For such cases, alternatively, one can use the following snippet that uses the path.join method in an os package:

import pandas as pd
import os
path = 'E:/Personal/Learning/Datasets/Book'
filename = 'titanic3.csv'
fullpath = os.path.join(path,filename)
data = pd.read_csv(fullpath)

One advantage of using the latter method is that it trims the lagging or leading white spaces, if any, and gives the correct filename.

Reading a .txt dataset with a comma delimiter

Download the Customer Churn Model.txt dataset from the Google Drive folder and save it on your local drive.
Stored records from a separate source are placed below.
(* There exists an $S(3,K_4^{(3)}+e,v)$ for each $v\in\{10,12,15\}$.
   Context: $K_4^{(3)}+e$ denotes the 3-uniform hypergraph with vertex set $\{1,2,3,4,5\}$ and edge set $\{\{1,2,3\},\{1,2,4\},\{1,3,4\},\{2,3,4\},\{3,4,5\}\}$. An $S(3,K_4^{(3)}+e,v)$ is a collection of 3-uniform hypergraphs (blocks) on subsets of a $v$-set $X$, each isomorphic to $K_4^{(3)}+e$, whose edge sets partition the set of all 3-subsets of $X$. *)

theory Defs
  imports Main
begin

definition K4e_edges :: "nat set set" where
  "K4e_edges = {{1,2,3},{1,2,4},{1,3,4},{2,3,4},{3,4,5}}"

definition is_K4e_block :: "'a set \<Rightarrow> ('a set \<times> 'a set set) \<Rightarrow> bool" where
  "is_K4e_block X B \<longleftrightarrow> fst B \<subseteq> X \<and>
     (\<exists>f. bij_betw f {1..5::nat} (fst B) \<and> snd B = (\<lambda>e. f ` e) ` K4e_edges)"

text \<open>An S(3, K_4^(3)+e, v) on the finite set X: a collection of blocks whose edge
  sets partition the set of all 3-subsets of X (every 3-subset of X is an edge of
  exactly one block; block edges are automatically 3-subsets of X).\<close>
definition is_S3_K4e :: "'a set \<Rightarrow> ('a set \<times> 'a set set) set \<Rightarrow> bool" where
  "is_S3_K4e X \<B> \<longleftrightarrow> finite X \<and> (\<forall>B\<in>\<B>. is_K4e_block X B) \<and>
     (\<forall>T. T \<subseteq> X \<and> card T = 3 \<longrightarrow> (\<exists>!B. B \<in> \<B> \<and> T \<in> snd B))"
lemma nn_integral_sqrt_density_le_of_disjoint:
  fixes P :: "'a measure" and L :: "'a \<Rightarrow> real"
  defines "Q \<equiv> density P (\<lambda>x. ennreal (L x))"
  assumes "prob_space P" "prob_space Q"
    and [measurable]: "L \<in> borel_measurable P" and L_nonneg: "\<And>x. 0 \<le> L x"
    and [measurable]: "S \<in> sets P" "T \<in> sets P" and "S \<inter> T = {}"
    and "2/3 \<le> measure P S" "2/3 \<le> measure Q T"
  shows "(\<integral>\<^sup>+x. ennreal (sqrt (L x)) \<partial>P) \<le> ennreal (17/18)"
proof -
  interpret P: prob_space P by fact
  interpret Q: prob_space Q by fact
  define S' where "S' = space P - S"
  have [measurable]: "S' \<in> sets P" and sets_Q: "sets Q = sets P"
    by (auto simp: S'_def Q_def)
  have "sqrt (L x) \<le> (1/3 + 3/4 * L x) * indicator S x + (3/4 + 1/3 * L x) * indicator S' x"
    if "x \<in> space P" for x
    using that real_sqrt_le_add_divide[OF L_nonneg, of "1/3" x]
      real_sqrt_le_add_divide[OF L_nonneg, of "3/4" x]
    by (auto simp: S'_def indicator_def)
  then have "(\<integral>\<^sup>+x. ennreal (sqrt (L x)) \<partial>P)
      \<le> (\<integral>\<^sup>+x. ennreal ((1/3 + 3/4 * L x) * indicator S x)
              + ennreal ((3/4 + 1/3 * L x) * indicator S' x) \<partial>P)"
    using L_nonneg by (intro nn_integral_mono) (simp add: ennreal_plus[symmetric] del: ennreal_plus)
  also have "\<dots> = (\<integral>\<^sup>+x. ennreal ((1/3 + 3/4 * L x) * indicator S x) \<partial>P)
                   + (\<integral>\<^sup>+x. ennreal ((3/4 + 1/3 * L x) * indicator S' x) \<partial>P)"
    by (rule nn_integral_add) auto
  also have "\<dots> = ennreal (1/3 * measure P S + 3/4 * measure Q S
                         + (3/4 * measure P S' + 1/3 * measure Q S'))"
    using L_nonneg sets_Q
    by (subst (1 2) nn_integral_affine_indicator)
      (simp_all add: Q_def[symmetric] P.emeasure_eq_measure Q.emeasure_eq_measure
        ennreal_mult'[symmetric])
  also have "\<dots> \<le> ennreal (17/18)"
  proof (rule ennreal_leI)
    have "measure P S' = 1 - measure P S"
      unfolding S'_def by (simp add: P.prob_compl)
    moreover have "measure Q S' = 1 - measure Q S"
      using sets_Q Q.prob_compl[of S] by (simp add: S'_def Q_def)
    moreover have "measure Q S + measure Q T \<le> 1"
      using Q.finite_measure_Union[of S T] Q.prob_le_1[of "S \<union> T"] \<open>S \<inter> T = {}\<close> sets_Q
      by simp
    ultimately show "1/3 * measure P S + 3/4 * measure Q S
                     + (3/4 * measure P S' + 1/3 * measure Q S') \<le> 17/18"
      using assms(9,10) by linarith
  qed
  finally show ?thesis .
qed

definition bern :: "real \<Rightarrow> real measure" where
  "bern p = density (count_space {0, 1}) (\<lambda>x. ennreal (if x = 1 then p else 1 - p))"

definition bern_ratio :: "real \<Rightarrow> real \<Rightarrow> real \<Rightarrow> real" where
  "bern_ratio p q x = (if x = 1 then q / p else (1 - q) / (1 - p))"

lemma space_bern [simp]: "space (bern p) = {0, 1}"
  and sets_bern [simp]: "sets (bern p) = Pow {0, 1}"
  by (simp_all add: bern_def)

lemma borel_measurable_bern [measurable]: "f \<in> borel_measurable (bern p)"
  by (simp add: bern_def)

lemma sets_PiM_bern: "sets (PiM I (\<lambda>_. bern p)) = sets (PiM I (\<lambda>_. count_space {0, 1}))"
  by (rule sets_PiM_cong) simp_all

lemma space_PiM_bern: "space (PiM I (\<lambda>_. bern p)) = space (PiM I (\<lambda>_. count_space {0, 1}))"
  by (simp add: space_PiM)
To read this dataset, the following code snippet will do:

import pandas as pd
data = read_csv('E:/Personal/Learning/Datasets/Book/Customer Churn Model.txt')

As you can see, although it's a text file, it can be read easily using the read_csv method without even specifying any other argument of the method.
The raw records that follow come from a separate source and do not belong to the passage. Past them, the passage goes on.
definition stationary_D :: "(real^'n \<Rightarrow> ereal) \<Rightarrow> (real^'m \<Rightarrow> ereal) \<Rightarrow> real^'n^'m \<Rightarrow> real^'n^'r
      \<Rightarrow> real^'r \<Rightarrow> (real^'m) \<times> (real^'r) \<Rightarrow> bool" where
  "stationary_D f g A B b w = (case w of (y, z) \<Rightarrow>
     (\<exists>x v u. x \<in> limiting_subdiff (fconj f) (- (transpose A *v y) - (transpose B *v z)) \<and>
              v \<in> limiting_subdiff (fconj g) y \<and> u \<in> subdiff_Psi0 z \<and>
              A *v x = v \<and> B *v x = b + u))"

definition local_minimizer :: "('a::metric_space \<Rightarrow> ereal) \<Rightarrow> 'a \<Rightarrow> bool" where
  "local_minimizer h w \<longleftrightarrow> (\<exists>e>0. \<forall>w'. dist w' w < e \<longrightarrow> h w \<le> h w')"

definition slater_D :: "(real^'n \<Rightarrow> ereal) \<Rightarrow> (real^'m \<Rightarrow> ereal) \<Rightarrow> real^'n^'m \<Rightarrow> real^'n^'r
      \<Rightarrow> real^'r \<Rightarrow> bool" where
  "slater_D f g A B zs \<longleftrightarrow> (\<exists>y z.
     - (transpose A *v y) - (transpose B *v z) \<in>
        (if polyhedral_fun (fconj f) then edom (fconj f) else rel_interior (edom (fconj f))) \<and>
     y \<in> (if polyhedral_fun (fconj g) then edom (fconj g) else rel_interior (edom (fconj g))) \<and>
     (\<forall>i. zs $ i = 0 \<longrightarrow> z $ i = 0))"

end

(* Both parts rest on the convexity of the conjugates f* and g* (only properness of f and g is
   needed for it), for which the limiting subdifferential is the subdifferential of convex analysis.

   (i) The stationarity data x, v, u give the global bound Xi w' >= Xi w - <u, z' - z>, while near z
   the jump mu_i > 0 of the l0 penalty off the support of z dominates the linear term <u, z' - z>.

   (ii) Near w*, the penalty is constant on the coordinate subspace S of the support of z*, so w*
   minimizes the convex function Xi over the subspace UNIV x S. The optimality condition for this
   problem is obtained by moving each polyhedral conjugate into a polyhedral epigraph constraint,
   separating the epigraph of the resulting objective from the constraint set inside the affine
   hull of its domain (where the Slater point is a relative interior point), and splitting the
   normal cone of an intersection of polyhedra by Farkas' lemma. *)

theory Submission
  imports Defs
begin

section \<open>Normal cones of polyhedra\<close>

lemma inner_self_nonpos_imp_zero: "(a::'a::real_inner) \<bullet> a \<le> 0 \<Longrightarrow> a = 0"
  by (meson inner_gt_zero_iff not_le)

definition normal_cone :: "'a::euclidean_space set \<Rightarrow> 'a \<Rightarrow> 'a set" where
  "normal_cone P x = {n. \<forall>y\<in>P. n \<bullet> (y - x) \<le> 0}"

lemma convex_cone_normal_cone: "convex_cone (normal_cone P x)"
proof -
  have "normal_cone P x = \<Inter>((\<lambda>y. {n. (y - x) \<bullet> n \<le> 0}) ` P)"
    by (auto simp: normal_cone_def inner_commute)
  also have "convex_cone \<dots>"
    by (rule convex_cone_Inter) (auto simp: convex_cone_halfspace_le)
  finally show ?thesis .
qed

lemma normal_cone_UNIV: "normal_cone UNIV x = {0}"
proof -
  have "n = 0" if "n \<in> normal_cone UNIV x" for n
  proof -
    have "n \<bullet> ((x + n) - x) \<le> 0"
      using that unfolding normal_cone_def by blast
    then have "n \<bullet> n \<le> 0" by simp
    then show ?thesis by (rule inner_self_nonpos_imp_zero)
  qed
  then show ?thesis by (auto simp: normal_cone_def)
qed

lemma normal_cone_Times:
  assumes "a \<in> P" "b \<in> R"
  shows "normal_cone (P \<times> R) (a, b) = normal_cone P a \<times> normal_cone R b"
proof (intro set_eqI iffI)
  fix nm :: "'a \<times> 'b" assume nm: "nm \<in> normal_cone (P \<times> R) (a, b)"
  have "fst nm \<bullet> (y - a) + snd nm \<bullet> (z - b) \<le> 0" if "y \<in> P" "z \<in> R" for y z
    using nm that unfolding normal_cone_def by (fastforce simp: inner_prod_def)
  from this[OF _ assms(2)] this[OF assms(1)] show "nm \<in> normal_cone P a \<times> normal_cone R b"
    by (simp add: normal_cone_def mem_Times_iff)
next
  fix nm :: "'a \<times> 'b" assume "nm \<in> normal_cone P a \<times> normal_cone R b"
  then show "nm \<in> normal_cone (P \<times> R) (a, b)"
    by (auto simp: normal_cone_def inner_prod_def mem_Times_iff intro: add_nonpos_nonpos)
qed

lemma normal_cone_affine_orthogonal:
  assumes "affine S" "x \<in> S" "y \<in> S" "n \<in> normal_cone S x"
  shows "n \<bullet> (y - x) = 0"
proof -
  have "x + (-1) *\<^sub>R (y - x) \<in> S"
    using assms by (intro mem_affine_3_minus)
  then have "n \<bullet> ((x + (-1) *\<^sub>R (y - x)) - x) \<le> 0" "n \<bullet> (y - x) \<le> 0"
    using assms(3,4) unfolding normal_cone_def by blast+
  then show ?thesis by (simp add: inner_diff_right)
qed

lemma normal_cone_subspace_orthogonal:
  assumes "subspace G" "x \<in> G" "n \<in> normal_cone G x" "y \<in> G"
  shows "n \<bullet> y = 0"
proof -
  have "x + y \<in> G" using assms(1,2,4) by (rule subspace_add)
  then have "n \<bullet> ((x + y) - x) = 0"
    using assms(1-3) by (intro normal_cone_affine_orthogonal subspace_imp_affine)
  then show ?thesis by simp
qed

lemma linear_vimage_halfspace:
  fixes L :: "'a::euclidean_space \<Rightarrow> 'b::euclidean_space"
  assumes "linear L"
  shows "L -` {x. a \<bullet> x \<le> b} = {x. adjoint L a \<bullet> x \<le> b}"
proof -
  have "L x \<bullet> a = x \<bullet> adjoint L a" for x
    by (rule adjoint_works[OF assms, symmetric])
  then show ?thesis by (simp add: inner_commute)
qed

lemma polyhedron_halfspaces:
  assumes "polyhedron P"
  obtains H where "finite H" "P = {y. \<forall>(a, b)\<in>H. a \<bullet> y \<le> b}"
proof -
  obtain F where F: "finite F" "P = \<Inter>F" "\<forall>h\<in>F. \<exists>a b. a \<noteq> 0 \<and> h = {x. a \<bullet> x \<le> b}"
    using assms unfolding polyhedron_def by blast
  from F(3) have "\<forall>h\<in>F. \<exists>ab. h = {y. fst ab \<bullet> y \<le> snd ab}" by force
  then have "\<exists>c. \<forall>h\<in>F. h = {y. fst (c h) \<bullet> y \<le> snd (c h)}" by (rule bchoice)
  then obtain c where c: "\<And>h. h \<in> F \<Longrightarrow> h = {y. fst (c h) \<bullet> y \<le> snd (c h)}" by blast
  have "P = {y. \<forall>(a, b)\<in>c ` F. a \<bullet> y \<le> b}"
    unfolding F(2) by (subst (1) Inter_eq) (use c in force)
  moreover have "finite (c ` F)" using F(1) by simp
  ultimately show thesis using that by blast
qed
Specifying the column names of a dataset from a list

We just read the Customer Churn Model.txt file in the last segment with the default column names. But, what if we want to rename some or all of the column names? Or, what if the column names are not there already and we want to assign names to columns from a list (let's say, available in a CSV file).

Look for a CSV file called Customer Churn Columns.csv in the Google Drive and download it. I have put English alphabets as placeholders for the column names in this file. We shall use this file to create a list of column names to be passed on to the dataset. You can change the names in the CSV files, if you like, and see how they are incorporated as column names.

The following code snippet will give the name of the column names of the dataset we just read:

import pandas as pd
data = pd.read_csv('E:/Personal/Learning/Datasets/Book/Customer Churn Model.txt')
data.columns.values

If you run it on one of the IDEs, you should get the following screenshot as the output:

Fig. 2.2: The column names in the Customer Churn Model.txt dataset

This basically lists all the column names of the dataset. Let us now go ahead and change the column names to the names we have in the Customer Churn Columns.csv file.

data_columns = pd.read_csv('E:/Personal/Learning/Predictive Modeling Book/Book Datasets/Customer Churn Columns.csv')
data_column_list = data_columns['Column_Names'].tolist()
data=pd.read_csv('E:/Personal/Learning/Predictive Modeling Book/Book Datasets/Customer Churn Model.txt',header=None,names=data_column_list)
data.columns.values

The output after running this snippet should look like the following screenshot (if you haven't made any changes to the values in the Customer Churn Columns.csv file):

Fig. 2.3: The column names in the Customer Churn Columnsl.txt dataset which have been passed to the data frame data

The key steps in this process are:

  • Sub-setting the particular column (containing the column names) and converting it to a list—done in the second line
  • Passing the header=None and names=name of the list containing the column names(data_column_list in this case) in the read_csv method

If some of the terms, such as sub-setting don't make sense now, just remember that it is an act of selecting a combination of particular rows or columns of the dataset. We will discuss this in detail in the next chapter.